• ABOUT THIS EXERCISE: Give again, unaltered, the lines of the listing below that run from the line having "((\<lambda>y. Gfun \<epsilon>" through the line having "x + Gfun \<epsilon>".

◆ ◆ ◆ ◆

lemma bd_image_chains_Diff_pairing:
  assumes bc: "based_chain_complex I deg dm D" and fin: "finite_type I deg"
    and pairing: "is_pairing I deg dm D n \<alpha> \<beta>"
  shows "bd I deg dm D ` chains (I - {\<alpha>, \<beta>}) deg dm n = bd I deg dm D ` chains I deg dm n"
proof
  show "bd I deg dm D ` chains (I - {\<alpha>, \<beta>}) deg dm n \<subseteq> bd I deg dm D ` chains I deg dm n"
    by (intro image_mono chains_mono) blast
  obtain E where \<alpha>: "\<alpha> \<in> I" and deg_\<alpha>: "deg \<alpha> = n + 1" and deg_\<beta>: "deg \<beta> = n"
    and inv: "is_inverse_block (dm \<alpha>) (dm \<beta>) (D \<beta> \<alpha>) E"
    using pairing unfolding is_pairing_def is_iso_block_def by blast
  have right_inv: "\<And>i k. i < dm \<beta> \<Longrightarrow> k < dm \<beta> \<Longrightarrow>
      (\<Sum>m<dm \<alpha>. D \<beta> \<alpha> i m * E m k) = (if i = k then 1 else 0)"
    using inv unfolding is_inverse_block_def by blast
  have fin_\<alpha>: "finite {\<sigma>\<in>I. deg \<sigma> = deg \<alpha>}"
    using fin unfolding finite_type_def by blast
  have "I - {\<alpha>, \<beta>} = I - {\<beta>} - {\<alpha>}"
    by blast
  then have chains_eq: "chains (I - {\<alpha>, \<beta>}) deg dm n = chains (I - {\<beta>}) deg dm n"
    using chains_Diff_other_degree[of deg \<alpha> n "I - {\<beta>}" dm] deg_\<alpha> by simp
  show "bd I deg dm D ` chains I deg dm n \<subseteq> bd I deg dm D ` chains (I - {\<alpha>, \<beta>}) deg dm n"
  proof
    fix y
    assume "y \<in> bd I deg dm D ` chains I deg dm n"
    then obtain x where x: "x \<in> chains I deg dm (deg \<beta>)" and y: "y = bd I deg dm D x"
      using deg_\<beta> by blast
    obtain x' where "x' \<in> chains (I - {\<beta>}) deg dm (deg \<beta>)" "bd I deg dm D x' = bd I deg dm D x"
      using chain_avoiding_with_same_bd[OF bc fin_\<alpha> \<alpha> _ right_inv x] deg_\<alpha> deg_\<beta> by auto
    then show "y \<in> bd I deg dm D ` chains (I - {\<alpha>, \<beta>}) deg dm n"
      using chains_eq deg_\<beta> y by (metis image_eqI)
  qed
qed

◆ ◆ ◆ ◆

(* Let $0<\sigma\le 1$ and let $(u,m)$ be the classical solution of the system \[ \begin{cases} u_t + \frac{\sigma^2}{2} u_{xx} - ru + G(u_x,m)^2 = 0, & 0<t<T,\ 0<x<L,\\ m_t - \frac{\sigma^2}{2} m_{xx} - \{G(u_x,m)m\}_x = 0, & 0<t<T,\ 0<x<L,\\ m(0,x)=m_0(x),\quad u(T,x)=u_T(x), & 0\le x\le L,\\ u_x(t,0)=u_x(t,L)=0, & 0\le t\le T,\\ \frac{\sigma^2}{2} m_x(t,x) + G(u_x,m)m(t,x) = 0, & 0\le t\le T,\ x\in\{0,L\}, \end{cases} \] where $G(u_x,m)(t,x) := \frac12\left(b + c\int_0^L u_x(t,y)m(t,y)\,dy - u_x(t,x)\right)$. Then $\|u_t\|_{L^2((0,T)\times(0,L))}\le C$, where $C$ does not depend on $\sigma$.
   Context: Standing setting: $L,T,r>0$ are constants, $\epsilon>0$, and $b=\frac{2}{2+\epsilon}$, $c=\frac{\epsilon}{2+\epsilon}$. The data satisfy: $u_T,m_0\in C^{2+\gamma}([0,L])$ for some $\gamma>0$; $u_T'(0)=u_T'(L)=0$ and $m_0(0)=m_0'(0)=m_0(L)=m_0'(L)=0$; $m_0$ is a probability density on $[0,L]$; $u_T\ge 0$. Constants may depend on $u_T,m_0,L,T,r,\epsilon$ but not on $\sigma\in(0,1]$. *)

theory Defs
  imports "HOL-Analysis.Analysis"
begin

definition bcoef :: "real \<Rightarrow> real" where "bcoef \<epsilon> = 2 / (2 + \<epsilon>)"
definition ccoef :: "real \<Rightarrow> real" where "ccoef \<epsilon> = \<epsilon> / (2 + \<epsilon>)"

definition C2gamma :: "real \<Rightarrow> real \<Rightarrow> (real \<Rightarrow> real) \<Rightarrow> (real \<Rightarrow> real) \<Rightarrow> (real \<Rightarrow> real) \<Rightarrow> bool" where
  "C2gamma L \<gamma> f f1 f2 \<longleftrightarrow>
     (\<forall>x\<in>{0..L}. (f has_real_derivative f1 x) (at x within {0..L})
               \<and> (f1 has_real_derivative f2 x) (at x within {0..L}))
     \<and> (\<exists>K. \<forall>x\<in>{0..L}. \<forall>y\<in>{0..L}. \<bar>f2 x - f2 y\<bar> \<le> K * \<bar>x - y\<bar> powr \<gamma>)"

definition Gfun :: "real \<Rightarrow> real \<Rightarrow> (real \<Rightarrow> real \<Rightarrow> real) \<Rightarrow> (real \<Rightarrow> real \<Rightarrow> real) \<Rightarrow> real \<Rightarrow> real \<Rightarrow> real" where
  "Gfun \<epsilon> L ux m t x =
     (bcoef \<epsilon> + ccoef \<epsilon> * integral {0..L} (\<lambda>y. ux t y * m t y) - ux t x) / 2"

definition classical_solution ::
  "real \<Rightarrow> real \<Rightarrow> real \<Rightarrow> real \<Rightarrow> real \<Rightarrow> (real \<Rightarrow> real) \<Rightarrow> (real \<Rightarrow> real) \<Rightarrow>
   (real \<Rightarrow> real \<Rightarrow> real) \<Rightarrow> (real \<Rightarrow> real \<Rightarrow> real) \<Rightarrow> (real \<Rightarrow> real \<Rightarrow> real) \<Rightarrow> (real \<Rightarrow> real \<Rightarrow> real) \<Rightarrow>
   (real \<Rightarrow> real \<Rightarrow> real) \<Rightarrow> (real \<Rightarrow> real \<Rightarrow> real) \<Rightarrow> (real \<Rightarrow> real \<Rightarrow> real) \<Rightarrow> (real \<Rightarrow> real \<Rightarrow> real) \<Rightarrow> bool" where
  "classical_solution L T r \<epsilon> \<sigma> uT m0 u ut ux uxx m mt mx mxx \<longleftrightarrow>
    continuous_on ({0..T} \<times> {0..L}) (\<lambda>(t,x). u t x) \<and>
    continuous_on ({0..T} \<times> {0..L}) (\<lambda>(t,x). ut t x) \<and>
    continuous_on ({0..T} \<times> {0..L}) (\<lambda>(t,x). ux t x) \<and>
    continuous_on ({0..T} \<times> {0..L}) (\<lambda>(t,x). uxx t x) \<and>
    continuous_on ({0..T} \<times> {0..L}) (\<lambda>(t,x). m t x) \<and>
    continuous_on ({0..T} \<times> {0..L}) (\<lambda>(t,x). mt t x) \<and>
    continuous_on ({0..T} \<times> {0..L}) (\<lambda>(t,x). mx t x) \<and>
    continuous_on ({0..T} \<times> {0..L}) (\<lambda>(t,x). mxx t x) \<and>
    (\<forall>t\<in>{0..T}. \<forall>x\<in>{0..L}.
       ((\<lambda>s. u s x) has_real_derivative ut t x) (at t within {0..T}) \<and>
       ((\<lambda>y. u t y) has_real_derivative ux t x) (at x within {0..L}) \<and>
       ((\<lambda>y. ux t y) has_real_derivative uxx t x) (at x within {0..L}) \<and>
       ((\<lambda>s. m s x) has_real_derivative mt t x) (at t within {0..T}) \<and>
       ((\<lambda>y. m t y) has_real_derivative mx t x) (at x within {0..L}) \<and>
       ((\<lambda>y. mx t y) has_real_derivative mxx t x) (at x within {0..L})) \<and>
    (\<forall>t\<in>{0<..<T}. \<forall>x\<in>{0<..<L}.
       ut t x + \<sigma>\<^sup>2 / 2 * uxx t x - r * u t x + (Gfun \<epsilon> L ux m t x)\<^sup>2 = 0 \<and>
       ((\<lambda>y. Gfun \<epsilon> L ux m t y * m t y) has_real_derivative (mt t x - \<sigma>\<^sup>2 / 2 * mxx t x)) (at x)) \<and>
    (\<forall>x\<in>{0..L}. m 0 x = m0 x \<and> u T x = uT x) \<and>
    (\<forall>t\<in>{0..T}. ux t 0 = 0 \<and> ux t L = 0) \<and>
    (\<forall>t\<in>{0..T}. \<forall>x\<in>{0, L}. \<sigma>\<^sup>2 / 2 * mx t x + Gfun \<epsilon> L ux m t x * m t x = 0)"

◆ ◆ ◆ ◆

• EXERCISE RESULT:
       ((\<lambda>y. Gfun \<epsilon> L ux m t y * m t y) has_real_derivative (mt t x - \<sigma>\<^sup>2 / 2 * mxx t x)) (at x)) \<and>
    (\<forall>x\<in>{0..L}. m 0 x = m0 x \<and> u T x = uT x) \<and>
    (\<forall>t\<in>{0..T}. ux t 0 = 0 \<and> ux t L = 0) \<and>
    (\<forall>t\<in>{0..T}. \<forall>x\<in>{0, L}. \<sigma>\<^sup>2 / 2 * mx t x + Gfun \<epsilon> L ux m t x * m t x = 0)"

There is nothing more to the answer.